Signed-off-by: Usama Arif <usama.arif@linux.dev>
---
mm/swap.h | 17 ++++++
mm/swap_state.c | 44 ++++++++++++++
mm/swapfile.c | 154 ++++++++++++++++++++++++++++++++++++++++++++++++
3 files changed, 215 insertions(+)
diff --git a/mm/swap.h b/mm/swap.h
index 44ab8e1e595b..17c2c57e0da4 100644
--- a/mm/swap.h
+++ b/mm/swap.h
@@ -303,6 +303,23 @@ static inline bool folio_matches_swap_entry(const struct folio *folio,
bool swap_cache_has_folio(swp_entry_t entry);
struct folio *swap_cache_get_folio(swp_entry_t entry);
void *swap_cache_get_shadow(swp_entry_t entry);
+enum swap_pmd_cache {
+ SWAP_PMD_CACHE_EMPTY,
+ SWAP_PMD_CACHE_HUGE,
+ SWAP_PMD_CACHE_SPLIT,
+};
+
+#ifdef CONFIG_THP_SWAP
+enum swap_pmd_cache swap_pmd_cache_lookup(swp_entry_t entry,
+ struct folio **foliop);
+#else
+static inline enum swap_pmd_cache swap_pmd_cache_lookup(swp_entry_t entry,
+ struct folio **foliop)
+{
+ *foliop = NULL;
+ return SWAP_PMD_CACHE_EMPTY;
+}
+#endif
void swap_cache_del_folio(struct folio *folio);
struct folio *swap_cache_alloc_folio(swp_entry_t target_entry, gfp_t gfp_mask,
unsigned long orders, struct vm_fault *vmf,
diff --git a/mm/swap_state.c b/mm/swap_state.c
index 6fd6e3415b71..9b9ca82ace4b 100644
--- a/mm/swap_state.c
+++ b/mm/swap_state.c
@@ -118,6 +118,50 @@ bool swap_cache_has_folio(swp_entry_t entry)

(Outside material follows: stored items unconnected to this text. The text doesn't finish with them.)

(* Let $G$ be a connected graph on $n\geq 2$ vertices and let $H$ be a blowup of $G$ with $m$ vertices. Suppose $\sigma$ is a multiset consisting of $n$ distinct real numbers and $\sigma'$ is any multiset of $m-n$ real numbers. Then $\sigma\cup\sigma'$ is the spectrum of some matrix in $\mathcal{S}(H)$.
   Context: For a simple graph $G$ on $n$ vertices, $\mathcal{S}(G)$ is the set of all $n\times n$ real symmetric matrices $A=(a_{ij})$ such that for $i\neq j$, $a_{ij}\neq 0$ if and only if $\{i,j\}$ is an edge of $G$ (diagonal entries unrestricted). For a vertex $v$ and a positive integer $k$, the $k$-duplication of $v$ replaces $v$ by $k$ mutually adjacent vertices, each adjacent to exactly the neighbours of $v$ in $G-v$. If $V(G)=\{v_1,\ldots,v_n\}$ and $m_1,\ldots,m_n$ are positive integers, the blowup of $G$ with respect to $m_1,\ldots,m_n$ is obtained by performing the $m_i$-duplication of $v_i$ for $i=1,\ldots,n$ sequentially; it has $\sum_i m_i$ vertices. *)

theory Defs
  imports "Jordan_Normal_Form.Char_Poly" "HOL-Library.Multiset"
begin

definition simple_graph :: "nat \<Rightarrow> (nat \<Rightarrow> nat \<Rightarrow> bool) \<Rightarrow> bool" where
  "simple_graph n E \<longleftrightarrow>
     (\<forall>i j. E i j \<longrightarrow> i < n \<and> j < n \<and> i \<noteq> j \<and> E j i)"

definition connected_graph :: "nat \<Rightarrow> (nat \<Rightarrow> nat \<Rightarrow> bool) \<Rightarrow> bool" where
  "connected_graph n E \<longleftrightarrow> (\<forall>i<n. \<forall>j<n. E\<^sup>*\<^sup>* i j)"

(* H (on {0..<m}) is a blowup of G = ({0..<n},E): there is a surjection f onto
   the vertices of G whose fibres are the cliques replacing the vertices of G
   (fibre of i has size m_i \<ge> 1), and two distinct vertices of H are adjacent
   iff they lie in the same fibre or their images are adjacent in G. *)
definition is_blowup ::
  "nat \<Rightarrow> (nat \<Rightarrow> nat \<Rightarrow> bool) \<Rightarrow> nat \<Rightarrow> (nat \<Rightarrow> nat \<Rightarrow> bool) \<Rightarrow> bool" where
  "is_blowup n E m H \<longleftrightarrow>
     (\<exists>f. f ` {0..<m} = {0..<n} \<and>
          (\<forall>u v. H u v \<longleftrightarrow> u < m \<and> v < m \<and> u \<noteq> v \<and> (f u = f v \<or> E (f u) (f v))))"

definition S_graph :: "nat \<Rightarrow> (nat \<Rightarrow> nat \<Rightarrow> bool) \<Rightarrow> real mat set" where
  "S_graph n E = {A. A \<in> carrier_mat n n \<and> transpose_mat A = A \<and>
      (\<forall>i<n. \<forall>j<n. i \<noteq> j \<longrightarrow> (A $$ (i, j) \<noteq> 0 \<longleftrightarrow> E i j))}"

definition is_spectrum :: "real mat \<Rightarrow> real multiset \<Rightarrow> bool" where
  "is_spectrum A S \<longleftrightarrow> char_poly A = (\<Prod>a\<in>#S. [:- a, 1:])"

end

(*
  First sigma is realised on G itself.  For A = diag x + t N with N symmetric and supported on the
  edges of G, the Jacobian in x of the equations det (lambda_i - A) = 0 (i < n) at (x, t) = (lambda, 0)
  is diagonal with entries prod_{j <> i} (lambda_i - lambda_j), which are nonzero as the lambda_i are
  distinct.  Hence for small t a simplified Newton iteration contracts a small box around lambda, and
  its fixed point gives a matrix in S(G) with spectrum sigma.  For generic edge weights N no
  diagonal entry x_i can stay at lambda_i (then det (lambda_i - A) / t^2 would be close to a nonzero
  arrowhead determinant), so the diagonal avoids the finite set sigma'.

  The eigenvalues c of sigma' are then added one at a time by duplicating a vertex v of the current
  graph: conjugating B (+) [c] by a rotation in the plane of v and the new vertex keeps the spectrum,
  gives the new vertex the neighbours of v, and joins it to v with weight proportional to B_vv - c,
  which is nonzero as the diagonal of B avoids sigma'.  All but finitely many rotation angles keep
  the two new diagonal entries outside sigma'.
*)

theory Submission
  imports Defs
begin

section \<open>Perturbation bounds for determinants\<close>

lemma abs_prod_le_power:
  fixes b :: "'a \<Rightarrow> real"
  assumes "\<And>i. i \<in> S \<Longrightarrow> \<bar>b i\<bar> \<le> K"
  shows "\<bar>prod b S\<bar> \<le> K ^ card S"
proof -
  have "\<bar>prod b S\<bar> = (\<Prod>i\<in>S. \<bar>b i\<bar>)" by (simp add: abs_prod)
  also have "\<dots> \<le> (\<Prod>i\<in>S. K)" by (rule prod_mono) (use assms in auto)
  finally show ?thesis by simp
qed

lemma abs_prod_diff_le:
  fixes a b :: "'a \<Rightarrow> real"
  assumes "finite S" and "1 \<le> K" and "0 \<le> \<eta>"
    and "\<And>i. i \<in> S \<Longrightarrow> \<bar>a i\<bar> \<le> K \<and> \<bar>b i\<bar> \<le> K \<and> \<bar>a i - b i\<bar> \<le> \<eta>"
  shows "\<bar>prod a S - prod b S\<bar> \<le> real (card S) * K ^ card S * \<eta>"
  using assms
proof (induction S rule: finite_induct)
  case empty
  then show ?case by simp
next
  case (insert x S)
  let ?c = "card S"
  have IH: "\<bar>prod a S - prod b S\<bar> \<le> real ?c * K ^ ?c * \<eta>" using insert by auto
  have ax: "\<bar>a x\<bar> \<le> K" and dx: "\<bar>a x - b x\<bar> \<le> \<eta>" using insert by auto
  have pb: "\<bar>prod b S\<bar> \<le> K ^ ?c" by (rule abs_prod_le_power) (use insert in auto)
  have "prod a (insert x S) - prod b (insert x S) = a x * (prod a S - prod b S) + (a x - b x) * prod b S"
    using insert by (simp add: algebra_simps)
  hence "\<bar>prod a (insert x S) - prod b (insert x S)\<bar> \<le> \<bar>a x\<bar> * \<bar>prod a S - prod b S\<bar> + \<bar>a x - b x\<bar> * \<bar>prod b S\<bar>"
    by (simp add: abs_mult[symmetric] abs_triangle_ineq)
  also have "\<dots> \<le> K * (real ?c * K ^ ?c * \<eta>) + \<eta> * K ^ ?c"
    by (intro add_mono mult_mono IH ax dx pb) (use insert.prems in auto)
  also have "\<dots> \<le> K * (real ?c * K ^ ?c * \<eta>) + \<eta> * K ^ Suc ?c"
    using insert.prems by (intro add_left_mono mult_left_mono power_increasing) auto
  also have "\<dots> = real (Suc ?c) * K ^ Suc ?c * \<eta>" by (simp add: algebra_simps)
  finally show ?case using insert by simp
qed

return swp_tb_is_folio(swp_tb);
}
+#ifdef CONFIG_THP_SWAP
+/**
+ * swap_pmd_cache_lookup - classify the swap cache behind a PMD swap entry
+ * @entry: first swap slot encoded by the PMD swap entry
+ * @foliop: returned PMD-sized folio, with a reference, if present
+ *
+ * A PMD swap entry is a compact page-table encoding for HPAGE_PMD_NR
+ * consecutive swap slots. The swap cache behind those slots can be empty,
+ * one PMD-sized folio, or per-slot folios after the original folio was split.
+ *
+ * Context: Caller must keep @entry valid using the usual swap cache rules.

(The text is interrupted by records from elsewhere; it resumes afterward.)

(* Let $\mathcal{S}$ and $\mathcal{S}'$ be square-free stratified staged trees, each of whose stages consist of situations at a single level, which are statistically equivalent via a bijection $\varphi:\Lambda(\mathcal{S})\to\Lambda(\mathcal{S}')$. Let $\alpha>0$, let $\mathcal{D}=(N_\lambda)_{\lambda\in\Lambda(\mathcal{S})}$ be a complete data sample on $\mathcal{S}$ and $\mathcal{D}'$ the sample on $\mathcal{S}'$ with $N'_{\varphi(\lambda)}=N_\lambda$. Then $\mathrm{CS\text{-}BDeu}(\mathcal{S},\mathcal{D};\alpha)=\mathrm{CS\text{-}BDeu}(\mathcal{S}',\mathcal{D}';\alpha)$.
   Context: An event tree is a finite directed rooted tree with edges directed away from the root; leaves have no outgoing edges, other nodes are situations; the level of a node is its distance from the root. A staged tree is an event tree with a partition of its situations into stages, situations in a common stage having the same number of outgoing edges, labelled consistently, with the $k$-th edges sharing a transition probability; its model is the set of distributions on the set $\Lambda(\mathcal{S})$ of root-to-leaf paths obtained by choosing a positive probability vector for each stage and multiplying edge probabilities along paths. Square-free: no two situations on one root-to-leaf path lie in the same stage. $\mathcal{S},\mathcal{S}'$ are statistically equivalent via a bijection $\varphi$ if the model of $\mathcal{S}$ equals $\{p\circ\varphi: p$ in the model of $\mathcal{S}'\}$. For variables $X_1,\dots,X_n$ with finite state spaces $\mathbb{X}_i$, an event tree is $\mathcal{X}$-compatible if its nodes are the root together with one node $v(x_1,\dots,x_k)$ for each $(x_1,\dots,x_k)\in\mathbb{X}_1\times\dots\times\mathbb{X}_k$, $1\le k\le n$, with edges from $v(x_1,\dots,x_{k-1})$ to $v(x_1,\dots,x_k)$; a staged tree is stratified if its event tree is $\mathcal{X}$-compatible for some $\mathcal{X}$. Data: a complete sample assigns counts $N_\lambda$ to paths; $n_{jk}$ is the number of units passing through the $k$-th edge of some situation in stage $u_j$, $\overline n_j=\sum_k n_{jk}$. The BD-metric with hyperparameters $\alpha_{jk}$, $\overline\alpha_j=\sum_k\alpha_{jk}$, is $\prod_j\big[\Gamma(\overline\alpha_j)/\Gamma(\overline\alpha_j+\overline n_j)\prod_k\Gamma(\alpha_{jk}+n_{jk})/\Gamma(\alpha_{jk})\big]$. CS-BDeu: hyperparameters are propagated forward from the root. The root stage has $\dot\alpha=\alpha$. For a stage $u_{ij}$ at level $i-1$ with $h_{ij}$ situations and $r_{ij}$ outgoing edges per situation, $\dot\alpha_{ij}$ is the sum of the (individual) hyperparameters of the edges entering its situations, the stage edge hyperparameters are $\alpha_{ijk}=\dot\alpha_{ij}/r_{ij}$, and each individual edge emanating from a situation of $u_{ij}$ along label $k$ receives hyperparameter $\alpha_{ijk}/h_{ij}$. The CS-BDeu score is the BD-metric with stage hyperparameters $\alpha_{ijk}$. *)

theory Defs
  imports "HOL-Analysis.Analysis"
begin

text \<open>Variables X_0,...,X_{n-1} with state spaces
  {0..<sizes!i}.  Nodes of the (X-compatible) event tree are the lists
  [x_0,...,x_{k-1}] with x_i < sizes!i and k \<le> n; the root is [], the edge
  from v(x_0..x_{k-1}) goes to v(x_0..x_k).  Situations are the nodes of length
  < n, root-to-leaf paths are identified with the leaves (length n).
  The staging is given by a function assigning a stage name to each
  situation (stages = its fibres on the situations); the consistent edge
  labelling assigns to the edge of situation s towards child value x the label
  index lab s x in {0..<number of outgoing edges}.\<close>

record stree =
  sizes :: "nat list"
  stage :: "nat list \<Rightarrow> nat"
  lab   :: "nat list \<Rightarrow> nat \<Rightarrow> nat"

definition nodes_at :: "stree \<Rightarrow> nat \<Rightarrow> nat list set" where
  "nodes_at T k = {s. length s = k \<and> (\<forall>i<k. s ! i < sizes T ! i)}"

definition situations :: "stree \<Rightarrow> nat list set" where
  "situations T = {s. length s < length (sizes T) \<and> (\<forall>i<length s. s ! i < sizes T ! i)}"

definition paths :: "stree \<Rightarrow> nat list set" where
  "paths T = nodes_at T (length (sizes T))"

definition nout :: "stree \<Rightarrow> nat list \<Rightarrow> nat" where
  "nout T s = sizes T ! length s"

definition staged_tree :: "stree \<Rightarrow> bool" where
  "staged_tree T \<longleftrightarrow>
     (\<forall>i<length (sizes T). sizes T ! i > 0) \<and>
     (\<forall>s\<in>situations T. \<forall>t\<in>situations T. stage T s = stage T t \<longrightarrow> nout T s = nout T t) \<and>
     (\<forall>s\<in>situations T. bij_betw (lab T s) {0..<nout T s} {0..<nout T s})"

definition square_free :: "stree \<Rightarrow> bool" where
  "square_free T \<longleftrightarrow>
     (\<forall>l\<in>paths T. \<forall>i j. i < j \<and> j < length (sizes T) \<longrightarrow> stage T (take i l) \<noteq> stage T (take j l))"

definition single_level_stages :: "stree \<Rightarrow> bool" where
  "single_level_stages T \<longleftrightarrow>
     (\<forall>s\<in>situations T. \<forall>t\<in>situations T. stage T s = stage T t \<longrightarrow> length s = length t)"

definition model :: "stree \<Rightarrow> (nat list \<Rightarrow> real) set" where
  "model T = {p. \<exists>\<theta> :: nat \<Rightarrow> nat \<Rightarrow> real.
      (\<forall>s\<in>situations T. (\<forall>k<nout T s. \<theta> (stage T s) k > 0) \<and>
                          (\<Sum>k<nout T s. \<theta> (stage T s) k) = 1) \<and>
      p = (\<lambda>l. if l \<in> paths T then
                 (\<Prod>i<length (sizes T). \<theta> (stage T (take i l)) (lab T (take i l) (l ! i)))
               else undefined)}"

definition stat_equiv :: "stree \<Rightarrow> stree \<Rightarrow> (nat list \<Rightarrow> nat list) \<Rightarrow> bool" where
  "stat_equiv T T' \<phi> \<longleftrightarrow> bij_betw \<phi> (paths T) (paths T') \<and>
     model T = (\<lambda>p. restrict (p \<circ> \<phi>) (paths T)) ` model T'"

text \<open>CS-BDeu.  Stages are indexed by (level, stage name).\<close>

definition stage_sits :: "stree \<Rightarrow> nat \<Rightarrow> nat \<Rightarrow> nat list set" where
  "stage_sits T L u = {s\<in>situations T. length s = L \<and> stage T s = u}"

text \<open>dot_alpha T a L u: the hyperparameter of stage u at level L, i.e. the
  sum of the individual hyperparameters of the edges entering its situations
  (alpha for the root stage).  An individual edge leaving a situation of a
  stage v at level L carries (dot_alpha v / r_v) / h_v.\<close>
primrec dot_alpha :: "stree \<Rightarrow> real \<Rightarrow> nat \<Rightarrow> nat \<Rightarrow> real" where
  "dot_alpha T a 0 = (\<lambda>u. a)"
| "dot_alpha T a (Suc L) = (\<lambda>u. \<Sum>s\<in>stage_sits T (Suc L) u.
      (dot_alpha T a L (stage T (butlast s)) / real (sizes T ! L))
        / real (card (stage_sits T L (stage T (butlast s)))))"

definition cnt :: "stree \<Rightarrow> (nat list \<Rightarrow> nat) \<Rightarrow> nat \<Rightarrow> nat \<Rightarrow> nat \<Rightarrow> nat" where
  "cnt T N L u k = (\<Sum>l\<in>{l\<in>paths T. stage T (take L l) = u \<and> lab T (take L l) (l ! L) = k}. N l)"

definition stages :: "stree \<Rightarrow> (nat \<times> nat) set" where
  "stages T = {(length s, stage T s) | s. s \<in> situations T}"

definition cs_bdeu :: "stree \<Rightarrow> (nat list \<Rightarrow> nat) \<Rightarrow> real \<Rightarrow> real" where
  "cs_bdeu T N a = (\<Prod>(L, u)\<in>stages T.
     (let ad = dot_alpha T a L u; r = sizes T ! L;
          nbar = (\<Sum>k<r. cnt T N L u k)
      in Gamma ad / Gamma (ad + real nbar) *
         (\<Prod>k<r. Gamma (ad / real r + real (cnt T N L u k)) / Gamma (ad / real r))))"

end

theory Submission
  imports Defs "HOL-Library.Multiset" "HOL-Real_Asymp.Real_Asymp"
begin

(* Attach to every edge and every stage the set A of root-to-leaf paths through it. The CS-BDeu
   propagation spreads alpha uniformly over each level, so the hyperparameter of an edge or a
   stage is alpha |A| / |Lambda| and the score is the product of
   Gamma(alpha |A| / |Lambda| + N(A)) / Gamma(alpha |A| / |Lambda|) over the edge path sets divided
   by the same product over the stage path sets.

   For positive path weights w, the maximised log-likelihood of a tree with single-level stages
   is the sum of w(A) ln w(A) over the edge path sets minus the same sum over the stage path sets.
   It depends on the model only, so statistically equivalent trees share it for every w. Such
   functions of w determine the multiset of sets they are built from: as the weight of a minimal
   set tends to 0, only its own term fails to be differentiable. Hence, after transport along phi,
   edge sets of S plus stage sets of S' equal stage sets of S plus edge sets of S', and the two
   scores coincide. *)

section \<open>Sums of x ln x determine a multiset of sets\<close>

definition xlnx :: "real \<Rightarrow> real" where
  "xlnx x = x * ln x"

lemma has_real_derivative_sum_mset_xlnx_affine:
  fixes M :: "'b multiset" and a b :: "'b \<Rightarrow> real"
  assumes "\<forall>B\<in>#M. b B > 0"
  shows "\<exists>D. ((\<lambda>t. \<Sum>B\<in>#M. xlnx (a B * t + b B)) has_real_derivative D) (at 0)"
  using assms
proof (induction M)
  case empty
  show ?case by (auto intro: DERIV_const)
next
  case (add B M)
  then obtain D where D: "((\<lambda>t. \<Sum>B\<in>#M. xlnx (a B * t + b B)) has_real_derivative D) (at 0)"
    by auto
  have "b B > 0" using add.prems by simp
  then have "((\<lambda>t. xlnx (a B * t + b B)) has_real_derivative (ln (b B) + 1) * a B) (at 0)"
    unfolding xlnx_def by (auto intro!: derivative_eq_intros simp: algebra_simps)
  from DERIV_add[OF this D] show ?case by auto
qed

+ * Return: SWAP_PMD_CACHE_EMPTY if no slot in the PMD range has a cached folio,
+ * SWAP_PMD_CACHE_HUGE if one PMD-sized folio covers the range, or
+ * SWAP_PMD_CACHE_SPLIT if the range needs per-page handling.
+ */
+enum swap_pmd_cache swap_pmd_cache_lookup(swp_entry_t entry,
+ struct folio **foliop)
+{
+ unsigned int type = swp_type(entry);
+ pgoff_t offset = swp_offset(entry);
+ struct folio *folio;
+ int i;
+
+ *foliop = NULL;
+
+ folio = swap_cache_get_folio(entry);
+ if (folio) {
+ if (folio_nr_pages(folio) == HPAGE_PMD_NR) {
+ *foliop = folio;
+ return SWAP_PMD_CACHE_HUGE;
+ }
+ folio_put(folio);
+ return SWAP_PMD_CACHE_SPLIT;
+ }
+
+ for (i = 1; i < HPAGE_PMD_NR; i++) {
+ if (swap_cache_has_folio(swp_entry(type, offset + i)))
+ return SWAP_PMD_CACHE_SPLIT;
+ }
+
+ return SWAP_PMD_CACHE_EMPTY;
+}
+#endif
+
/**
* swap_cache_get_shadow - Looks up a shadow in the swap cache.
* @entry: swap entry used for the lookup.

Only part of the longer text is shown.